EXERCISE:
Go through the records below and return each line that has "auto" in it.

INPUT MATERIAL:

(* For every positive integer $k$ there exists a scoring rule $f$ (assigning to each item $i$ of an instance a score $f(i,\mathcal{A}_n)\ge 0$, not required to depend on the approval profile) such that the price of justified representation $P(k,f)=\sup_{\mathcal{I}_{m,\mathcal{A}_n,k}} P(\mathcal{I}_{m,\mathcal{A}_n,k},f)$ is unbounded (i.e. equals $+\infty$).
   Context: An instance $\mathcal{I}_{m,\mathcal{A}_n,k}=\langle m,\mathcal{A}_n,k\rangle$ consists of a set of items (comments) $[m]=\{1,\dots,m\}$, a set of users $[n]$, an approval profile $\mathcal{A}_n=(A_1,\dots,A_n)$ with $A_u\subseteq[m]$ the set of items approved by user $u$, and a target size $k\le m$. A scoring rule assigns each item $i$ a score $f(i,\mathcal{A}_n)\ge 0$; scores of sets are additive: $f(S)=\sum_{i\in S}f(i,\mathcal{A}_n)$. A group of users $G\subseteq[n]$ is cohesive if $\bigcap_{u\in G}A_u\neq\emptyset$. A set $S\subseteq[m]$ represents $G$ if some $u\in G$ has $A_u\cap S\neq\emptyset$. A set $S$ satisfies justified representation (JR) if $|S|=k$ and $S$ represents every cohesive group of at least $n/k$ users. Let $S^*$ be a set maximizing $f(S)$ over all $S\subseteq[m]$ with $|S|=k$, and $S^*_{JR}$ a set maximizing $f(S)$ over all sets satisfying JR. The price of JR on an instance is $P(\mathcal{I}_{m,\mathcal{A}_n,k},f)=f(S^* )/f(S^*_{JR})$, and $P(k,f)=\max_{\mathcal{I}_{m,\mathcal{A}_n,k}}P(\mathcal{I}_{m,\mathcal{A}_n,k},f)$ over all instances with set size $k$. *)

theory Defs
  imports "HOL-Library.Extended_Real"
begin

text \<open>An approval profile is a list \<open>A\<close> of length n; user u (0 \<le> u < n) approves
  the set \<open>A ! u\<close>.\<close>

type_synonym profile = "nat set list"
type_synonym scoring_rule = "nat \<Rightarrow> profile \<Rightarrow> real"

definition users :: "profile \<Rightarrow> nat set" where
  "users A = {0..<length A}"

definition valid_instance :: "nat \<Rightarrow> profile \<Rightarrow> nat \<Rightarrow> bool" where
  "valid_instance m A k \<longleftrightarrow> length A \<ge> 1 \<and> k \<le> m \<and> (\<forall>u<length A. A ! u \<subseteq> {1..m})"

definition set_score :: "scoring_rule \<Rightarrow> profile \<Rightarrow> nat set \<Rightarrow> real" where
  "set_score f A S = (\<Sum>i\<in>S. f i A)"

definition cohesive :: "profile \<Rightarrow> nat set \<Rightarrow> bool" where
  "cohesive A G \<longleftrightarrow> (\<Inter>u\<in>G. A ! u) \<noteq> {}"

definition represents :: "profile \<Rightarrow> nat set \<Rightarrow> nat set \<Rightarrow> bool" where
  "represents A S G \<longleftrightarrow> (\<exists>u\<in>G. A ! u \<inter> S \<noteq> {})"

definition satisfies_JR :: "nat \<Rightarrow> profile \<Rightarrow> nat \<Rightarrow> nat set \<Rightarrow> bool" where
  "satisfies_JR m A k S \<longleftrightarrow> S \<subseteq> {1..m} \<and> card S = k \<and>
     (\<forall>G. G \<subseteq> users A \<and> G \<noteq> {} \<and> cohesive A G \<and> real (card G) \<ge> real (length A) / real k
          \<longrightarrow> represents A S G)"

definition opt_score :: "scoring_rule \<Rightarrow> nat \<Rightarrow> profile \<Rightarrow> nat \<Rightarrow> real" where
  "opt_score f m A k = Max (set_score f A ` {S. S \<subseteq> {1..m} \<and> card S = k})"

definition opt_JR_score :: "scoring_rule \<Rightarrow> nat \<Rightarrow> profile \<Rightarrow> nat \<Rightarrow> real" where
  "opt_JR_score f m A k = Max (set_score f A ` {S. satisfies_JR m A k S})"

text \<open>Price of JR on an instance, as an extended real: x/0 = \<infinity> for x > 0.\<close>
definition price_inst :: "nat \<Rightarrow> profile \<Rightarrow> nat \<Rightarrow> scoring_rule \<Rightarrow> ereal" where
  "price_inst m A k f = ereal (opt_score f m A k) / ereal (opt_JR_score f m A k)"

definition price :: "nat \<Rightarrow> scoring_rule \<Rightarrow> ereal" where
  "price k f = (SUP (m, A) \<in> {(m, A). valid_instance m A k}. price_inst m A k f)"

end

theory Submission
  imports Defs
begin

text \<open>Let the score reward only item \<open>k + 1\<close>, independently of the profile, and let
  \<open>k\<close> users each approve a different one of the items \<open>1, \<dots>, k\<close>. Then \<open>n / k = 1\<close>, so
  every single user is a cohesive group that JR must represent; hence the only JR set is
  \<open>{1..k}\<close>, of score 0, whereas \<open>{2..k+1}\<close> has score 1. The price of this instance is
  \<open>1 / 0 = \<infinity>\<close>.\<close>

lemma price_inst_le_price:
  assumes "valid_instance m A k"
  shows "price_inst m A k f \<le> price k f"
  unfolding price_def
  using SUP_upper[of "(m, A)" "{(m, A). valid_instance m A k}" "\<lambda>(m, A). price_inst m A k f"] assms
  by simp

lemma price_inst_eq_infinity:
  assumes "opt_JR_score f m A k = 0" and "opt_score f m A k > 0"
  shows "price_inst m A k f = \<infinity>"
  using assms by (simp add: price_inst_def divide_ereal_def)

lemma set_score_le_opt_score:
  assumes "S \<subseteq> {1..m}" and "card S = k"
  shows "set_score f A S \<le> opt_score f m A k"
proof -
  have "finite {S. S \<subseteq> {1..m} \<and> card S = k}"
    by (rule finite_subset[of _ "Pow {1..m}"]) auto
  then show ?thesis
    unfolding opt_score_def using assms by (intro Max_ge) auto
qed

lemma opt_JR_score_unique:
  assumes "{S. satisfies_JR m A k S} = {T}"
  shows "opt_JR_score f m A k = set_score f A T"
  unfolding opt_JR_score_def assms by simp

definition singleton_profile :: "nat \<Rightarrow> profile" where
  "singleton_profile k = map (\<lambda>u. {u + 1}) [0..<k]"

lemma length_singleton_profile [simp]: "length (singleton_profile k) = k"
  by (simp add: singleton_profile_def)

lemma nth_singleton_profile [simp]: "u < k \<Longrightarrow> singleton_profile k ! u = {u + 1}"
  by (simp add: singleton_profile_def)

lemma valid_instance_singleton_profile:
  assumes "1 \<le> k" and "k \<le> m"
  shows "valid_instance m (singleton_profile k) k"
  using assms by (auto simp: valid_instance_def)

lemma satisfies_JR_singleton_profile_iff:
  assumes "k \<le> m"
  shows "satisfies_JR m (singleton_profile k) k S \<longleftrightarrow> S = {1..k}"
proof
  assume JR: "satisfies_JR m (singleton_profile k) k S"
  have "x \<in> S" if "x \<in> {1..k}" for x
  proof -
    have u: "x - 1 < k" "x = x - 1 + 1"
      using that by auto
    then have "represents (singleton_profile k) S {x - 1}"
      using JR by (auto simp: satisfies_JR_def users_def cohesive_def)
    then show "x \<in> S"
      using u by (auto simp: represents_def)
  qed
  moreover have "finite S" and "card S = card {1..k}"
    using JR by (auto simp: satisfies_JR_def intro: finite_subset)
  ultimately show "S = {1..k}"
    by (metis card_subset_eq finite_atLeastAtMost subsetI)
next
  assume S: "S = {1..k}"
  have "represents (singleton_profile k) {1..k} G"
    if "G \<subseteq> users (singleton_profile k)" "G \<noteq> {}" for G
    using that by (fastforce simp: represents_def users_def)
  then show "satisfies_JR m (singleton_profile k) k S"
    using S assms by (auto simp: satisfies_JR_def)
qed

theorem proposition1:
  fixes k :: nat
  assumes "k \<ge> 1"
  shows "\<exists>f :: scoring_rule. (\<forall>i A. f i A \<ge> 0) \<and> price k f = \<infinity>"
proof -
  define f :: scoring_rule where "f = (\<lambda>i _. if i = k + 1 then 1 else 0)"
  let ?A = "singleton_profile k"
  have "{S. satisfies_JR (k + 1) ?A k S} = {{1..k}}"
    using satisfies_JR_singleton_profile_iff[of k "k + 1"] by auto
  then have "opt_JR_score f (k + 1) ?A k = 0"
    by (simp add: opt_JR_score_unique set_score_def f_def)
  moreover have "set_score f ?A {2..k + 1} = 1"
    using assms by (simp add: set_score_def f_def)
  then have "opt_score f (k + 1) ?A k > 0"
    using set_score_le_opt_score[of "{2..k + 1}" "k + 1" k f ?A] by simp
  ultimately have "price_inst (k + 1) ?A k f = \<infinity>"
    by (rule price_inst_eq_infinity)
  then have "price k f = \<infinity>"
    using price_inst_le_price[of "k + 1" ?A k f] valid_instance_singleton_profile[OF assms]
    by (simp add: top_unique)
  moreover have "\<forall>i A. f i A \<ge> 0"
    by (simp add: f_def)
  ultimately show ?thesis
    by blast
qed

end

---

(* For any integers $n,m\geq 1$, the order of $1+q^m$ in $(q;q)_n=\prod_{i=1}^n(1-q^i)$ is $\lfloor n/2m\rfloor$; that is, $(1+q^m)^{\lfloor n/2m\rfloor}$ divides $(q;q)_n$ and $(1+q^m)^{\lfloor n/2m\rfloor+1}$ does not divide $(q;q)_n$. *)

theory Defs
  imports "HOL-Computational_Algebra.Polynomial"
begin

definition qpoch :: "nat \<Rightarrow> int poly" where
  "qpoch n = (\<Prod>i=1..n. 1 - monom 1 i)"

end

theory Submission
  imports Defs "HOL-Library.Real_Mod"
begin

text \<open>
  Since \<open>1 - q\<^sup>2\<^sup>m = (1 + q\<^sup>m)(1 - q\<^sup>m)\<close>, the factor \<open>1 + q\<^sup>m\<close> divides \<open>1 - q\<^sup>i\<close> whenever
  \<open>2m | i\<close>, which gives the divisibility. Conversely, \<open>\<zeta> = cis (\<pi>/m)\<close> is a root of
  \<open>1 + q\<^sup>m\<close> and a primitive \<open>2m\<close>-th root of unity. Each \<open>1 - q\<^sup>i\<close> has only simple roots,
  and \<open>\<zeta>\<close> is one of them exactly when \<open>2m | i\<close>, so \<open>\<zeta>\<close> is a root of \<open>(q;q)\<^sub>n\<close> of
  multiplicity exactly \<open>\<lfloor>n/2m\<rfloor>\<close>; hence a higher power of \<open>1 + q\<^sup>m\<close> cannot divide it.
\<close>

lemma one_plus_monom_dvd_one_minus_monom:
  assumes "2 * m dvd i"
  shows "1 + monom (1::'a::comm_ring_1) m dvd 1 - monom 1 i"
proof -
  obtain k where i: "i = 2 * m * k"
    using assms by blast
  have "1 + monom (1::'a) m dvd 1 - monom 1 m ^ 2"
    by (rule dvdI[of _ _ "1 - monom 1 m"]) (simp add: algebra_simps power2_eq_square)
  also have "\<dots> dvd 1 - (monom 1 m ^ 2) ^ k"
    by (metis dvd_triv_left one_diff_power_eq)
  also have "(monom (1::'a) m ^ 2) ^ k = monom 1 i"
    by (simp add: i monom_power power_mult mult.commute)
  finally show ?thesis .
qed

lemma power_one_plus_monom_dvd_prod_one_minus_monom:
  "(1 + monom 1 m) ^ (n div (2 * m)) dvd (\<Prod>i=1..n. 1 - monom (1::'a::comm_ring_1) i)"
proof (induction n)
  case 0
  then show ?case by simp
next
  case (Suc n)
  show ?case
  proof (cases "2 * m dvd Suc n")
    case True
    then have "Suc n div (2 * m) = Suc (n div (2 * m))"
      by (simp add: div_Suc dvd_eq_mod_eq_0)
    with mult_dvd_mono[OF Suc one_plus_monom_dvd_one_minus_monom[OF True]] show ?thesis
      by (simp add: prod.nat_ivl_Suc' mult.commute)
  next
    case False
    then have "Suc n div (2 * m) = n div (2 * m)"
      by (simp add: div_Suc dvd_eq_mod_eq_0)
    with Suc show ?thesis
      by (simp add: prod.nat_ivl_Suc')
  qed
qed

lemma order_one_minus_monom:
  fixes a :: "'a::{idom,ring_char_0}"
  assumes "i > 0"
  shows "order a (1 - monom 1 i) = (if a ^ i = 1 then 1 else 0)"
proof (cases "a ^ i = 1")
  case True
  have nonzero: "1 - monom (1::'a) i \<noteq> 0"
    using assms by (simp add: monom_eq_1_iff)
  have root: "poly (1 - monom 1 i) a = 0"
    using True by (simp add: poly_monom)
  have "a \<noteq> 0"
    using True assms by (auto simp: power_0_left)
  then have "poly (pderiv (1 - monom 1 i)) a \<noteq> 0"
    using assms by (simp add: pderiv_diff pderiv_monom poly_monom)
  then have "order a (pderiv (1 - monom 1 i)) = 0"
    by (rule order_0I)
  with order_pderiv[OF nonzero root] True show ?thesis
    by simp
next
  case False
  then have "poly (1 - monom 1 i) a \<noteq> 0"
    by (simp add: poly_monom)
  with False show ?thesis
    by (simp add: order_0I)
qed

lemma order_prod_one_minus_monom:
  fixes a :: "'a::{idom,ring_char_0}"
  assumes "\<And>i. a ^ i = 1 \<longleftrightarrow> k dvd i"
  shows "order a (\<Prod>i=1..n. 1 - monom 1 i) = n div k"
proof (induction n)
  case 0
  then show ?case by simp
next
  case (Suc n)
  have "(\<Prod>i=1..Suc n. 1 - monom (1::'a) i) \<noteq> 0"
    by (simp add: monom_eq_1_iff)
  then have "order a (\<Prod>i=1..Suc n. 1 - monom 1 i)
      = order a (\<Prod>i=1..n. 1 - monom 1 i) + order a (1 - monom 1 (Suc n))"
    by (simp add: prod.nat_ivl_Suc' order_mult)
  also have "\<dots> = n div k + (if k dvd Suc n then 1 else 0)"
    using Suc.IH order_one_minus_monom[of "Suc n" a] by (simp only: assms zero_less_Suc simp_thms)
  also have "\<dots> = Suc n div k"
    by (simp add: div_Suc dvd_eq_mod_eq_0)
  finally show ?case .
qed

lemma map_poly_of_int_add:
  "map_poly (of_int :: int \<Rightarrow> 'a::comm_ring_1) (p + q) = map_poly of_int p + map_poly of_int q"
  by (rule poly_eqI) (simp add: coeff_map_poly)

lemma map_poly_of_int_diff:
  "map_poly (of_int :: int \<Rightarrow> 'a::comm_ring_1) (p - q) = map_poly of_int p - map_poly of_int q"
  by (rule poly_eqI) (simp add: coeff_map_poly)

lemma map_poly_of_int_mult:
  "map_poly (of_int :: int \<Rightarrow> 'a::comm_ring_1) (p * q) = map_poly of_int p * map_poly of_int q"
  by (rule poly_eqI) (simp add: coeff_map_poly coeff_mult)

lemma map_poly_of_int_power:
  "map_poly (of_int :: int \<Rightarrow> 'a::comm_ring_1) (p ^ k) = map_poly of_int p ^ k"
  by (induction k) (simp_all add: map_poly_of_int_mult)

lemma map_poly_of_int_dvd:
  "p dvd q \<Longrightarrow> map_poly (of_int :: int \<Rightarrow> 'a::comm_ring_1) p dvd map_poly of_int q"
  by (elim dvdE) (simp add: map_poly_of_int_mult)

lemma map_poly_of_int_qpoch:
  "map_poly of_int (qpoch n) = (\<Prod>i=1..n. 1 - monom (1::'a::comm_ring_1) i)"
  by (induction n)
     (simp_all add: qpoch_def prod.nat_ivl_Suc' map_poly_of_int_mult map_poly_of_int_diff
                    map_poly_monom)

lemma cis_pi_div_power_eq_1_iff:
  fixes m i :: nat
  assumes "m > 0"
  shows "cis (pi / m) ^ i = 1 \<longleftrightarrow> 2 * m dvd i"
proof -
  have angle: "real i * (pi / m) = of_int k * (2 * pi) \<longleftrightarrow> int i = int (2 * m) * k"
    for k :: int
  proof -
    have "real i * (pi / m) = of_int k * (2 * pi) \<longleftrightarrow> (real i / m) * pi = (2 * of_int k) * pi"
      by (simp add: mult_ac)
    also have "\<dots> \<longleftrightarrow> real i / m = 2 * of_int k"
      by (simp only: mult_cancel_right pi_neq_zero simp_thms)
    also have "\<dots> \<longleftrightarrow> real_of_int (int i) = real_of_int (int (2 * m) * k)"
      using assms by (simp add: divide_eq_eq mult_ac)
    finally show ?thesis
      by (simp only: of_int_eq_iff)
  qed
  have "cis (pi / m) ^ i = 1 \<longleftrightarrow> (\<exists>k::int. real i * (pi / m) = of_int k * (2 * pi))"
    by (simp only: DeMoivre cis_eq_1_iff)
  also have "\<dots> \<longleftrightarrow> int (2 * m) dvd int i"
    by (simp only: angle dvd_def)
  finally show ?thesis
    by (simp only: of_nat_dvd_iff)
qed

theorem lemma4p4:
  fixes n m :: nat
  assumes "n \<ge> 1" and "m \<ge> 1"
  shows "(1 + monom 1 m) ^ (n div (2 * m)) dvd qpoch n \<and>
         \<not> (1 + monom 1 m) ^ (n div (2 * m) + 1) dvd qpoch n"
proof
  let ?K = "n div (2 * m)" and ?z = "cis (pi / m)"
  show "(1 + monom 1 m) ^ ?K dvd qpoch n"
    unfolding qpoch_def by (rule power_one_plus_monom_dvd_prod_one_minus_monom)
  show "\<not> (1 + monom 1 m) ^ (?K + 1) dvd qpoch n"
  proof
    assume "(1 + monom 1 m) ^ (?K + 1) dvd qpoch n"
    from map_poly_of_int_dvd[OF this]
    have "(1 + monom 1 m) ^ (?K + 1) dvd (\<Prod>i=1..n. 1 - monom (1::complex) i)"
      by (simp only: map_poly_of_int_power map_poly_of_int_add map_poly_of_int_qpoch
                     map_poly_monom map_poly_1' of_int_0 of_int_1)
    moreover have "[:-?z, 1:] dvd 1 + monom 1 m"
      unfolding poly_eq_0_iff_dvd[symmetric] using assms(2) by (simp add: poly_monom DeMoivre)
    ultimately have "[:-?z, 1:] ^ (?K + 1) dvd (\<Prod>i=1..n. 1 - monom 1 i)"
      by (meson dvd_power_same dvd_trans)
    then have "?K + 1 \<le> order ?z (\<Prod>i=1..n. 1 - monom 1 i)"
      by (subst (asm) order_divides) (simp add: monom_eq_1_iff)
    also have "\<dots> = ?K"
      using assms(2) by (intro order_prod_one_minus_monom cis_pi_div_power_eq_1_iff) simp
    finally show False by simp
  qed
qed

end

==

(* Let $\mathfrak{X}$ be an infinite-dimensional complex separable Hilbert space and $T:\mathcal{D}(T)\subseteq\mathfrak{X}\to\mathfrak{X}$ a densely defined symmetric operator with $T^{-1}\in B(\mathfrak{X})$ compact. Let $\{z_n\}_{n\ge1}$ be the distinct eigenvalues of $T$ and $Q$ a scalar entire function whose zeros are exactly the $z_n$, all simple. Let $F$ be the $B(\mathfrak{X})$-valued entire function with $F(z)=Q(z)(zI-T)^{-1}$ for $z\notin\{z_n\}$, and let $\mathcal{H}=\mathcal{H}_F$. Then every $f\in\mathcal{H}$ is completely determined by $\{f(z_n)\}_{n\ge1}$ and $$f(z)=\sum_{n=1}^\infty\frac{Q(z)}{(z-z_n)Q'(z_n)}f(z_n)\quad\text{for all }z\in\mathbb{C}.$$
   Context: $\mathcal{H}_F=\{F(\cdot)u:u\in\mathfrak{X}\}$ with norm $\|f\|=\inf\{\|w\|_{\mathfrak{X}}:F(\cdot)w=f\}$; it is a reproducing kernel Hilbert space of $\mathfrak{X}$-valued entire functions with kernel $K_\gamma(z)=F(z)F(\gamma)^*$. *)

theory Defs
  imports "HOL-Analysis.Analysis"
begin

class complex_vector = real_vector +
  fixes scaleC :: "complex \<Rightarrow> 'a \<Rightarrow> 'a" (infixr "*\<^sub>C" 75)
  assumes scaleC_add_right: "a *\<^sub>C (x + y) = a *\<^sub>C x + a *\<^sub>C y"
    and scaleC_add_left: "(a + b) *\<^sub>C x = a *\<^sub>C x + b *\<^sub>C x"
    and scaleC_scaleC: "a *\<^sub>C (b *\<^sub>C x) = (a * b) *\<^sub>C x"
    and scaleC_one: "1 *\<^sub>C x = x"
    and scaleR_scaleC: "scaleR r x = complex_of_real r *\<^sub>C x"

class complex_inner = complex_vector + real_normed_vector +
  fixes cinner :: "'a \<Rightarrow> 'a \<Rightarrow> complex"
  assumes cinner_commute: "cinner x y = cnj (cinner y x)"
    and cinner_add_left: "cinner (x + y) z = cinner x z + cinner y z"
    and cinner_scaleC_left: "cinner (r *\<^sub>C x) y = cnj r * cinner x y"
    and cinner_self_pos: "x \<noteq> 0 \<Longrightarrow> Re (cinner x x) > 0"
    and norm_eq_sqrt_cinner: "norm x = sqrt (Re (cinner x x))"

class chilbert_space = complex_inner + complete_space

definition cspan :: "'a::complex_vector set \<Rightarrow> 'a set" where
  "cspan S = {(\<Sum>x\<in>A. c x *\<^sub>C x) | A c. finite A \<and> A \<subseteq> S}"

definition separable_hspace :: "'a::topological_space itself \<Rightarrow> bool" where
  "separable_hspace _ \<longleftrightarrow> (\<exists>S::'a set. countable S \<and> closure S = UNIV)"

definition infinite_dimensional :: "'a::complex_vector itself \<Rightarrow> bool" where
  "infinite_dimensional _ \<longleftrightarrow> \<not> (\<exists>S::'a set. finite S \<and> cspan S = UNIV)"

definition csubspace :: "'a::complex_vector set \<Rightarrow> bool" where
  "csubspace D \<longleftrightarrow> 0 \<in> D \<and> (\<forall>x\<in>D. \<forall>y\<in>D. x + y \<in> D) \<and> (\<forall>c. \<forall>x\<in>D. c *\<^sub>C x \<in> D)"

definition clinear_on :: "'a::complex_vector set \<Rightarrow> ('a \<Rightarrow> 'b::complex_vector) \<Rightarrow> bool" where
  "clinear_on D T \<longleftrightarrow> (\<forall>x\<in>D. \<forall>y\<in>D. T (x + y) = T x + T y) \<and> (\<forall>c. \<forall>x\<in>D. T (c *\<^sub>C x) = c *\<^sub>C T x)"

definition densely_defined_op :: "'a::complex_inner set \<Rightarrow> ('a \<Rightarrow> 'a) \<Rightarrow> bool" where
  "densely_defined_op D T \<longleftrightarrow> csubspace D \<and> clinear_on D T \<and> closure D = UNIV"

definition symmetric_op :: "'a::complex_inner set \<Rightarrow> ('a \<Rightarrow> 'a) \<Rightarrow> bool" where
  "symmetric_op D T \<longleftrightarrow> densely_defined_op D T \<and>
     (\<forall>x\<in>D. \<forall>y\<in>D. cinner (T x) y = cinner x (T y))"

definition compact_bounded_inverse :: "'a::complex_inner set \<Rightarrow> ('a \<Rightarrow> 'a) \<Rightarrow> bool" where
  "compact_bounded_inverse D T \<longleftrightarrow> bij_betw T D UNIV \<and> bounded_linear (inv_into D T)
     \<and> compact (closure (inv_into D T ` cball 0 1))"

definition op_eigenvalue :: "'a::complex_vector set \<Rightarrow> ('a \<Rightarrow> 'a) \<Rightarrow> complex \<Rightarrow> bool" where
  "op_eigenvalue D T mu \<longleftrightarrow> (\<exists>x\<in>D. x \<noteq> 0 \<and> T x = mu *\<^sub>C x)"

RESULT:
    by (rule finite_subset[of _ "Pow {1..m}"]) auto
    unfolding opt_score_def using assms by (intro Max_ge) auto
  using assms by (auto simp: valid_instance_def)
      using that by auto
      using JR by (auto simp: satisfies_JR_def users_def cohesive_def)
      using u by (auto simp: represents_def)
    using JR by (auto simp: satisfies_JR_def intro: finite_subset)
    using S assms by (auto simp: satisfies_JR_def)
    using satisfies_JR_singleton_profile_iff[of k "k + 1"] by auto
    using True assms by (auto simp: power_0_left)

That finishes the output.